* [Your goal] Check each line of the records for "supported"; collect those that have it.

* [Given entries]
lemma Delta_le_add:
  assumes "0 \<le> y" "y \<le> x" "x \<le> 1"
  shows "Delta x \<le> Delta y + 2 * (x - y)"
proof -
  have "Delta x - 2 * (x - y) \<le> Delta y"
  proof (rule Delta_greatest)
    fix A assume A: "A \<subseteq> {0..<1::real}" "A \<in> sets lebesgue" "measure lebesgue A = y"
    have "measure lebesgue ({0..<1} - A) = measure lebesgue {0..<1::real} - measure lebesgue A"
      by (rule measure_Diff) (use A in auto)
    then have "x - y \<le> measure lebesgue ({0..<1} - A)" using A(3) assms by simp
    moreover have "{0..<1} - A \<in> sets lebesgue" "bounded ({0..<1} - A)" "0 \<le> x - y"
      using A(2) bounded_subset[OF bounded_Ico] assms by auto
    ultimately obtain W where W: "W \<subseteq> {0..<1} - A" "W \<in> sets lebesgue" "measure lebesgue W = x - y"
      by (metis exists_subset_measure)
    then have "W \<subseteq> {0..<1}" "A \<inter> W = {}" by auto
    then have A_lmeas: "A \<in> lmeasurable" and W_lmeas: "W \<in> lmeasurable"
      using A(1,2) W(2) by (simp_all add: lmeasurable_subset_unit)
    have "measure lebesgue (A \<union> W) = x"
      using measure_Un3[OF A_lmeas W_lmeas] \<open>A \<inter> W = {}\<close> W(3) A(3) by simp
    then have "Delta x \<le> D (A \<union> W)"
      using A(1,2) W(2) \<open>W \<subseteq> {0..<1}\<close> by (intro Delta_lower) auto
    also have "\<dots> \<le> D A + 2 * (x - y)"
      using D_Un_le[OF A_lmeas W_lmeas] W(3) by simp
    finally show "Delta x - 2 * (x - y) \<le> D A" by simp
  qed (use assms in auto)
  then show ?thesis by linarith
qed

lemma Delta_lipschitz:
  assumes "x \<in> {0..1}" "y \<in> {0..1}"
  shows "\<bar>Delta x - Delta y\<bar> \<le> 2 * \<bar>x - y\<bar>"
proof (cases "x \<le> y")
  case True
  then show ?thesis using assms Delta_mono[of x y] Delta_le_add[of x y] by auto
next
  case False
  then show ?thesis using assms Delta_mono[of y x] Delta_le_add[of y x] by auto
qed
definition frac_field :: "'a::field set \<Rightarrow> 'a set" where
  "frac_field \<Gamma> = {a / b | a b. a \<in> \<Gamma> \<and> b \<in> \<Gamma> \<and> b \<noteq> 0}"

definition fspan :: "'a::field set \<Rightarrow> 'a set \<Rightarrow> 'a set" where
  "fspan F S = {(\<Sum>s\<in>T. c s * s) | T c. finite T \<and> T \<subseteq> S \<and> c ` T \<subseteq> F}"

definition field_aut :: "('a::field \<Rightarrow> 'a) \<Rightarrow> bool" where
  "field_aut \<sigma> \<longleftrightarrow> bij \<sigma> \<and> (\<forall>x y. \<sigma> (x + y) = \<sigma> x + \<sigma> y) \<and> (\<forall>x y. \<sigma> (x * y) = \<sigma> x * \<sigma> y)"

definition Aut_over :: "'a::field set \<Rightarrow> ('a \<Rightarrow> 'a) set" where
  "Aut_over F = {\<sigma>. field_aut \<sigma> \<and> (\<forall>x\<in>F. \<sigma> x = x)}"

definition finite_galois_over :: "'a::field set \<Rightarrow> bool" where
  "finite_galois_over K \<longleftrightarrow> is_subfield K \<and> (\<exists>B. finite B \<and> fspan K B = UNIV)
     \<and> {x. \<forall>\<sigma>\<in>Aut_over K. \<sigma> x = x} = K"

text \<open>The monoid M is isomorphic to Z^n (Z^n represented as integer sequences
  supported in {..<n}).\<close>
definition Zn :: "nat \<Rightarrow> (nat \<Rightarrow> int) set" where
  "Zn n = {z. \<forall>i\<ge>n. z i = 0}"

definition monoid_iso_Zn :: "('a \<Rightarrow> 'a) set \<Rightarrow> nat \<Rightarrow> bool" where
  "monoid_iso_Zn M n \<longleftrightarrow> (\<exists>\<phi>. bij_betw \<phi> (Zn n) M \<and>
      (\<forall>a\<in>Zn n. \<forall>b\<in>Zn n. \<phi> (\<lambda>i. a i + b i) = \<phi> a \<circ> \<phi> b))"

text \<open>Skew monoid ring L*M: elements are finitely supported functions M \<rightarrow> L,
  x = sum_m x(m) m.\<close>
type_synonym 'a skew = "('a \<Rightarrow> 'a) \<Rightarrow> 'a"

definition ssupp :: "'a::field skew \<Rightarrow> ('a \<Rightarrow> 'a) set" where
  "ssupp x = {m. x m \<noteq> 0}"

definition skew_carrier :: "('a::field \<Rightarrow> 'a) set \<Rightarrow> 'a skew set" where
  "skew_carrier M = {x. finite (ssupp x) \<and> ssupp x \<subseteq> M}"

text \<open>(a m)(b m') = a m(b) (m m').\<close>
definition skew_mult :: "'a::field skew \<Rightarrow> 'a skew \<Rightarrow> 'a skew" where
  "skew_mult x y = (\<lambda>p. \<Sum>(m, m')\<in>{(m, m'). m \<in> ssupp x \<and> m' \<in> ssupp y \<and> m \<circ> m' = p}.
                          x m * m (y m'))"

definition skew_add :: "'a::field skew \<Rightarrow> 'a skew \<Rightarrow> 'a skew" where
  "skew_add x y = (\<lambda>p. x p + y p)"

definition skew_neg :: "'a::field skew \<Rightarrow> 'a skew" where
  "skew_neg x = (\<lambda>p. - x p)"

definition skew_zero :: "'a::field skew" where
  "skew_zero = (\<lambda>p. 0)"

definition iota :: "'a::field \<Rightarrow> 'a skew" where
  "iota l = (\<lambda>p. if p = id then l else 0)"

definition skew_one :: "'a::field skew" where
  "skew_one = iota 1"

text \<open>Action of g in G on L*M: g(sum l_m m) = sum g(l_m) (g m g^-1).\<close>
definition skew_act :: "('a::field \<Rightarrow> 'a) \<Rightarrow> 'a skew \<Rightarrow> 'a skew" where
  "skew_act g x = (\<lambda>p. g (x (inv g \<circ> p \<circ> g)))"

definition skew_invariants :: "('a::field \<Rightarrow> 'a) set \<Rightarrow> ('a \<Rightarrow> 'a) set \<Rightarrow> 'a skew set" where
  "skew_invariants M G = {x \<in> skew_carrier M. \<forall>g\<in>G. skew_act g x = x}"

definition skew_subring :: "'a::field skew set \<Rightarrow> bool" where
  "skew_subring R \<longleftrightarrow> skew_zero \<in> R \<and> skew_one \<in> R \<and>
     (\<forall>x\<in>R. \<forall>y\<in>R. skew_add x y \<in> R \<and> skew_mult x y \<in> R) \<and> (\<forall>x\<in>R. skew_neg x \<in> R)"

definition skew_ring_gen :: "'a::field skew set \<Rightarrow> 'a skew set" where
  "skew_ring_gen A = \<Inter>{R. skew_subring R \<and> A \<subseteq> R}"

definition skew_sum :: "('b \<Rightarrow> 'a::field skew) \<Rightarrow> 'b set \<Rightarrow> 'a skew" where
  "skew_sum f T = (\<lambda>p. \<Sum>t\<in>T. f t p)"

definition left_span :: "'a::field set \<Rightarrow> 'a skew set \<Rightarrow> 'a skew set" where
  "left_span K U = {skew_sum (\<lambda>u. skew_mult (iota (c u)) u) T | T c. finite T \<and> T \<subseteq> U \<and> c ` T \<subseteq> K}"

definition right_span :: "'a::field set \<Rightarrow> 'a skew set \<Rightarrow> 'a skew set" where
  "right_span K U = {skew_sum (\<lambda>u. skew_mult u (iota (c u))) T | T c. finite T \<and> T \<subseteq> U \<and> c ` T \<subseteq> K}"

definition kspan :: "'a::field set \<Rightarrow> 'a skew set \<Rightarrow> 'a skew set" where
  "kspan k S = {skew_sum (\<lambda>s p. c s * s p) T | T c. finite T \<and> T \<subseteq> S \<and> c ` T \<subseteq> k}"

* [Task solution]
  supported in {..<n}).\<close>
text \<open>Skew monoid ring L*M: elements are finitely supported functions M \<rightarrow> L,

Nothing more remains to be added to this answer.